On the last day of the Harare Book fair of 1985, a few of us from West Africa decided that we wanted to give the couple our own award to show our appreciation. We contributed some money and went into the belly of the fair looking for a fitting book for a book man. It would have been appropriate to have given him a book in the new language he had learnt. After all he had spoken of seeing a text with your eyes or feeling a text with your fingers to join the writer in the process of creation.

Being read to does not give you such intimacy with the work. The only book of mine ever translated into Braille is Season of Migration to the South and I had no copy with me. Whatever we get will have to be an ordinary book. It would have to be a big hard back book illustrated lavishly so that Marjorie, a fashion designer before they got married in London in 1952 will enjoy as well. We settled for Ali Mazrui’s The Africans: A Triple Heritage. We wrote appropriately commendable message and signed our names. Ours was a heart cry for something, some organisation to come to our rescue and recognise this giant among us, show that his incredible work was appreciated. But this was Africa that could not even make one book fair function!

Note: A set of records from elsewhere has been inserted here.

text \<open>The point \<open>join_parts I (y s) x\<close> is the limit of the trial points sharing the
  integer part of \<open>y s\<close>, and it lies in every ball around \<open>x\<close>.\<close>

lemma smil_argmin_limit_point:
  fixes x :: "real^'n::finite"
  assumes "closed Xbar" "x \<in> feasible_set Xbar I"
    and "bounded (int_part I ` feasible_set Xbar I)" "r \<longlonglongrightarrow> 0"
    and y: "\<And>j. y j \<in> smil_argmin g (feasible_set Xbar I) b I x (r j)"
  obtains s where "join_parts I (y s) x \<in> feasible_set Xbar I"
    and "g x \<bullet> join_parts I (y s) x \<le> g x \<bullet> x"
proof -
  define S where "S = Xbar \<inter> {v. g x \<bullet> v \<le> g x \<bullet> x}"
  define C where "C = real CARD('n)"
  have yX: "y j \<in> feasible_set Xbar I" and yball: "pl_norm b I (y j - x) \<le> r j" for j
    using y unfolding smil_argmin_def pl_ball_def by auto
  have yS: "y j \<in> S" for j
  proof -
    have "pl_norm b I (x - x) \<le> r j"
      using pl_norm_nonneg[of b I "y j - x"] yball[of j] by (simp add: pl_norm_zero)
    then show ?thesis
      using y[of j] assms(2) unfolding smil_argmin_def pl_ball_def S_def feasible_set_def by auto
  qed
  obtain s where recur: "\<exists>\<^sub>F j in sequentially. int_part I (y j) = int_part I (y s)"
    by (rule int_part_recurs[OF assms(3) yX])
  define p where "p = join_parts I (y s) x"
  have "p \<in> closure S"
    unfolding closure_approachable
  proof (intro allI impI)
    fix e :: real assume "e > 0"
    then have "e / C > 0" by (simp add: C_def)
    then have "\<exists>\<^sub>F j in sequentially. r j < e / C \<and> int_part I (y j) = int_part I (y s)"
      by (intro frequently_eventually_conj[OF recur] order_tendstoD(2)[OF assms(4)])
    then obtain j where j: "r j < e / C" "int_part I (y j) = int_part I (y s)"
      by (auto elim: frequentlyE)
    have "(y j - p) $ i = 0" if "i \<in> I" for i
      using arg_cong[OF j(2), of "\<lambda>v. v $ i"] that by (simp add: int_part_def p_def join_parts_def)
    then have "norm (y j - p) \<le> C * pl_norm b I (y j - p)"
      unfolding C_def by (rule norm_le_card_mult_pl_norm)
    also have "pl_norm b I (y j - p) = pl_norm b I (y j - x)"
      by (rule pl_norm_cong) (simp add: p_def join_parts_def)
    also have "C * \<dots> \<le> C * r j" using yball[of j] by (simp add: C_def)
    also have "\<dots> < e" using j(1) by (simp add: C_def field_simps)
    finally show "\<exists>v\<in>S. dist v p < e" using yS[of j] by (auto simp: dist_norm)
  qed
  then have "p \<in> S"
    using assms(1) by (simp add: S_def closed_Int closed_halfspace_le)
  moreover have "p $ i \<in> \<int>" if "i \<in> I" for i
    using yX[of s] that by (simp add: p_def join_parts_def feasible_set_def)
  ultimately show thesis
    using that unfolding p_def S_def feasible_set_def by auto
qed

text \<open>The segment from \<open>join_parts I v x\<close> to \<open>v\<close> keeps the integer part fixed, so its point
  at parameter \<open>r / R\<close> is feasible for the subproblem of radius \<open>r\<close>.\<close>

lemma smil_argmin_decrease_lower_bound:
  assumes "convex Xbar"
    and p: "join_parts I v x \<in> feasible_set Xbar I" "g x \<bullet> join_parts I v x \<le> g x \<bullet> x"
    and v: "v \<in> feasible_set Xbar I" "pl_norm b I (v - x) \<le> R"
    and y: "y \<in> smil_argmin g (feasible_set Xbar I) b I x r"
    and r: "0 \<le> r" "r \<le> R" "0 < R"
  shows "r * (g x \<bullet> (x - v)) \<le> R * (g x \<bullet> (x - y))"
proof -
  define p where "p = join_parts I v x"
  define t where "t = r / R"
  have t: "0 \<le> t" "t \<le> 1" using r by (auto simp: t_def)
  define w where "w = (1 - t) *\<^sub>R p + t *\<^sub>R v"
  have "w \<in> Xbar"
    using assms(1) p(1) v(1) t unfolding w_def p_def feasible_set_def convex_def by auto
  moreover have "w $ i = v $ i" if "i \<in> I" for i
    using that by (simp add: w_def p_def join_parts_def algebra_simps)
  ultimately have wX: "w \<in> feasible_set Xbar I"
    using v(1) unfolding feasible_set_def by auto
  have "pl_norm b I (w - x) = pl_norm b I (t *\<^sub>R (v - x))"
    by (rule pl_norm_cong) (simp add: w_def p_def join_parts_def algebra_simps)
  also have "\<dots> \<le> t * R" using t v(2) by (simp add: pl_norm_scaleR mult_left_mono)
  finally have "pl_norm b I (w - x) \<le> r" using r by (simp add: t_def)
  then have "g x \<bullet> y \<le> g x \<bullet> w"
    using y wX unfolding smil_argmin_def pl_ball_def by auto
  then have "g x \<bullet> (x - y) \<ge> (1 - t) * (g x \<bullet> (x - p)) + t * (g x \<bullet> (x - v))"
    by (simp add: w_def algebra_simps)
  moreover have "(1 - t) * (g x \<bullet> (x - p)) \<ge> 0"
    using t p(2) by (simp add: p_def inner_diff_right)
  ultimately have "t * (g x \<bullet> (x - v)) \<le> g x \<bullet> (x - y)" by linarith
  then show ?thesis using r by (simp add: t_def field_simps)
qed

We were to argue afterwards as to the idea of giving them a book instead of cloth material, painting or sculpture or any other work of art.
The enormity of the work that Prof Jones did, including the sheer physicality of editing issue after issue of the African Literature Today. And the fact that the wife had to write it down after and read to him, it is too much. His work and the work of his wife are central to “the establishment of the study of African writing in the new universities of Africa, Britain and North America.”

“Sierra Leone and Africa may have lost the body of Eldred Jones, but his knowledge, wisdom, and grace live on in all those who have encountered the man and his work.”